By the incorporation of the Louisiana District of the German Mission Conference with the Louisiana Conference Dr. Ahrens found himself again, after twenty-one years of labor, in New Orleans, a member of the Louisiana Conference. Immigration having ceased, the German congregations were losing their distinctive of language, and Dr. Ahrens was again appointed pastor of Dryades Street Church, with Rev. F. G. Hocutt his associate, it being the purpose to effect a change to the use of the English language. The following year this great German church was served by Dr. C. W. Carter. The transition had been completed, and after twenty-one years of continuous charge as pastor or Presiding Elder, or both, Dr. Ahrens’ official relation to it ceased, though he was still for the remainder of his life held in love and veneration by its older members and occasionally called to serve in offices of the Church for the living and the dead. In 1887 (Conference ‘88) Dr. Ahrens went to Craps Street. The following year he had no pastoral charge; in ‘90 and ‘91 he was pastor of Craps Street and Soraparu Street; in ‘92 of Craps Street; in ‘93 and ‘94 without pastoral charge; in 1895 pastor of Craps Street again.
In 1896, health having declined, he located at his own request, preferring this to superannuation, as he was financially independent and did not wish to become a claimant on the Conference fund.
Dr.

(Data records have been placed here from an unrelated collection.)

lemma steepest_slope_le_boundary_lip:
  assumes lip: "\<And>a b. (a, b) \<in> E \<Longrightarrow> \<bar>u a - u b\<bar> \<le> L * norm (a - b)" and "0 < L"
    and "(p0, q0) \<in> E" and "\<bar>u p0 - u q0\<bar> = L * norm (p0 - q0)"
  shows "L \<le> boundary_lip"
proof -
  obtain p q where pq: "(p, q) \<in> E" and steep: "u p - u q = L * norm (p - q)"
  proof (cases "u q0 \<le> u p0")
    case True
    with assms(3,4) that[of p0 q0] show ?thesis by simp
  next
    case False
    with assms(3,4) that[of q0 p0] show ?thesis by (simp add: edge_sym norm_minus_commute)
  qed
  have "p \<in> V" "q \<in> V" using pq edge_in_V by blast+
  obtain \<omega>2 where "\<omega>2 \<in> \<Omega>" and down: "L * geod_dist V E q \<omega>2 \<le> u q - u \<omega>2"
    using steep_descent[OF lip \<open>0 < L\<close> pq steep] by blast
  have "\<bar>- u a - - u b\<bar> \<le> L * norm (a - b)" if "(a, b) \<in> E" for a b
    using lip[OF that] by simp
  from kirszbraun_graph.steep_descent[OF kirszbraun_graph_uminus this \<open>0 < L\<close> edge_sym[OF pq]] steep
  obtain \<omega>1 where "\<omega>1 \<in> \<Omega>" and up: "L * geod_dist V E p \<omega>1 \<le> u \<omega>1 - u p"
    by (auto simp: norm_minus_commute)
  have "\<omega>1 \<in> V" "\<omega>2 \<in> V" using \<open>\<omega>1 \<in> \<Omega>\<close> \<open>\<omega>2 \<in> \<Omega>\<close> boundary_subset by blast+
  have "geod_dist V E p q \<le> norm (p - q)"
    using geod_dist_edge[OF edge_sym[OF pq] \<open>p \<in> V\<close> \<open>q \<in> V\<close>] by (simp add: norm_minus_commute)
  then have "geod_dist V E \<omega>1 \<omega>2 \<le> geod_dist V E p \<omega>1 + norm (p - q) + geod_dist V E q \<omega>2"
    using geod_dist_triangle_in_V[of \<omega>1 p \<omega>2] geod_dist_triangle_in_V[of p q \<omega>2]
      geod_dist_commute[OF sym_E, of V \<omega>1 p] \<open>p \<in> V\<close> \<open>q \<in> V\<close> \<open>\<omega>1 \<in> V\<close> \<open>\<omega>2 \<in> V\<close>
    by linarith
  then have "L * geod_dist V E \<omega>1 \<omega>2 \<le> L * geod_dist V E p \<omega>1 + L * norm (p - q) + L * geod_dist V E q \<omega>2"
    using mult_left_mono[of _ _ L] \<open>0 < L\<close> by (fastforce simp: distrib_left)
  also have "\<dots> \<le> u \<omega>1 - u \<omega>2" using up down steep by linarith
  finally have key: "L * geod_dist V E \<omega>1 \<omega>2 \<le> u \<omega>1 - u \<omega>2" .
  have "0 < L * norm (p - q)" using \<open>0 < L\<close> edge_norm_pos[OF pq] by simp
  moreover have "0 \<le> L * geod_dist V E p \<omega>1" "0 \<le> L * geod_dist V E q \<omega>2"
    using \<open>0 < L\<close> geod_dist_nonneg \<open>p \<in> V\<close> \<open>q \<in> V\<close> \<open>\<omega>1 \<in> V\<close> \<open>\<omega>2 \<in> V\<close> by simp_all
  ultimately have "u \<omega>2 < u \<omega>1" using up down steep by linarith
  then have "\<omega>1 \<noteq> \<omega>2" by auto
  then have "0 < geod_dist V E \<omega>1 \<omega>2" using geod_dist_pos \<open>\<omega>1 \<in> V\<close> \<open>\<omega>2 \<in> V\<close> by blast
  with key have "L \<le> (u \<omega>1 - u \<omega>2) / geod_dist V E \<omega>1 \<omega>2" by (simp add: pos_le_divide_eq)
  also have "\<dots> \<le> \<bar>f \<omega>1 - f \<omega>2\<bar> / geod_dist V E \<omega>1 \<omega>2"
    using \<open>0 < geod_dist V E \<omega>1 \<omega>2\<close> \<open>\<omega>1 \<in> \<Omega>\<close> \<open>\<omega>2 \<in> \<Omega>\<close> by (simp add: u_boundary divide_right_mono)
  also have "\<dots> \<le> boundary_lip" using boundary_lip_upper \<open>\<omega>1 \<in> \<Omega>\<close> \<open>\<omega>2 \<in> \<Omega>\<close> \<open>\<omega>1 \<noteq> \<omega>2\<close> .
  finally show ?thesis .
qed

lemma edge_lipschitz:
  assumes "(p, q) \<in> E"
  shows "\<bar>u p - u q\<bar> \<le> boundary_lip * norm (p - q)"
proof -
  let ?slopes = "(\<lambda>(a, b). \<bar>u a - u b\<bar> / norm (a - b)) ` E"
  define L where "L = Max ?slopes"
  have "finite E"
    using graph finite_subset[of E "V \<times> V"] by (auto simp: finite_graph_def)
  then have "\<bar>u a - u b\<bar> / norm (a - b) \<le> L" if "(a, b) \<in> E" for a b
    unfolding L_def using that by (intro Max_ge) force+
  then have lip: "\<bar>u a - u b\<bar> \<le> L * norm (a - b)" if "(a, b) \<in> E" for a b
    using that edge_norm_pos by (simp add: pos_divide_le_eq)
  have "L \<le> boundary_lip"
  proof (cases "L \<le> 0")
    case True
    with boundary_lip_nonneg show ?thesis by linarith
  next
    case False
    have "L \<in> ?slopes" unfolding L_def using \<open>finite E\<close> assms by (intro Max_in) auto
    then obtain p0 q0 where "(p0, q0) \<in> E" and "\<bar>u p0 - u q0\<bar> / norm (p0 - q0) = L" by auto
    then have "\<bar>u p0 - u q0\<bar> = L * norm (p0 - q0)"
      using edge_norm_pos[of p0 q0] by (simp add: divide_eq_eq)
    with False lip \<open>(p0, q0) \<in> E\<close> show ?thesis by (intro steepest_slope_le_boundary_lip) auto
  qed
  then show ?thesis
    using lip[OF assms] mult_right_mono[of L boundary_lip "norm (p - q)"] by simp
qed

Ahrens was an invalid during the greater part of the period of his retirement, but continued to attend his personal affairs with his usual sagacity and to interest himself in current events. He died April 19, 1906, in the midst of his loved ones and the following day his body was laid away, freed at last from racking pain, and the
tribulations through which he had come up.
Dr. Ahrens had large original endowments of mental and physical constitution, and his accomplishments were proportioned to his opportunities, which were great. A bilingual, he probably preached with equal ease in German and English; a foreign accent added charm to his rare purity and force of diction. I suppose he wrote well in German. His literary product in this language was large, both in translation and composition in many forms—hymns, theological writings, jour-nalistic articles. His English style was sometimes purposely jagged, always terse, and, when his theme demanded, powerful. The letters of “Jean Paul” (his nom deplume) have few equals. His spoken discourse was little inferior to his writing in point of style, and was delivered with effective energy and enthusiasm.
I was acquainted with the details of his Christian experience. He was a man of simplicity of faith, who knew well the paths that lead to God in Christ. He was diligent in business, fervent in spirit, serving the Lord, rejoicing in hope, patient in tribulation, steadfast in prayer.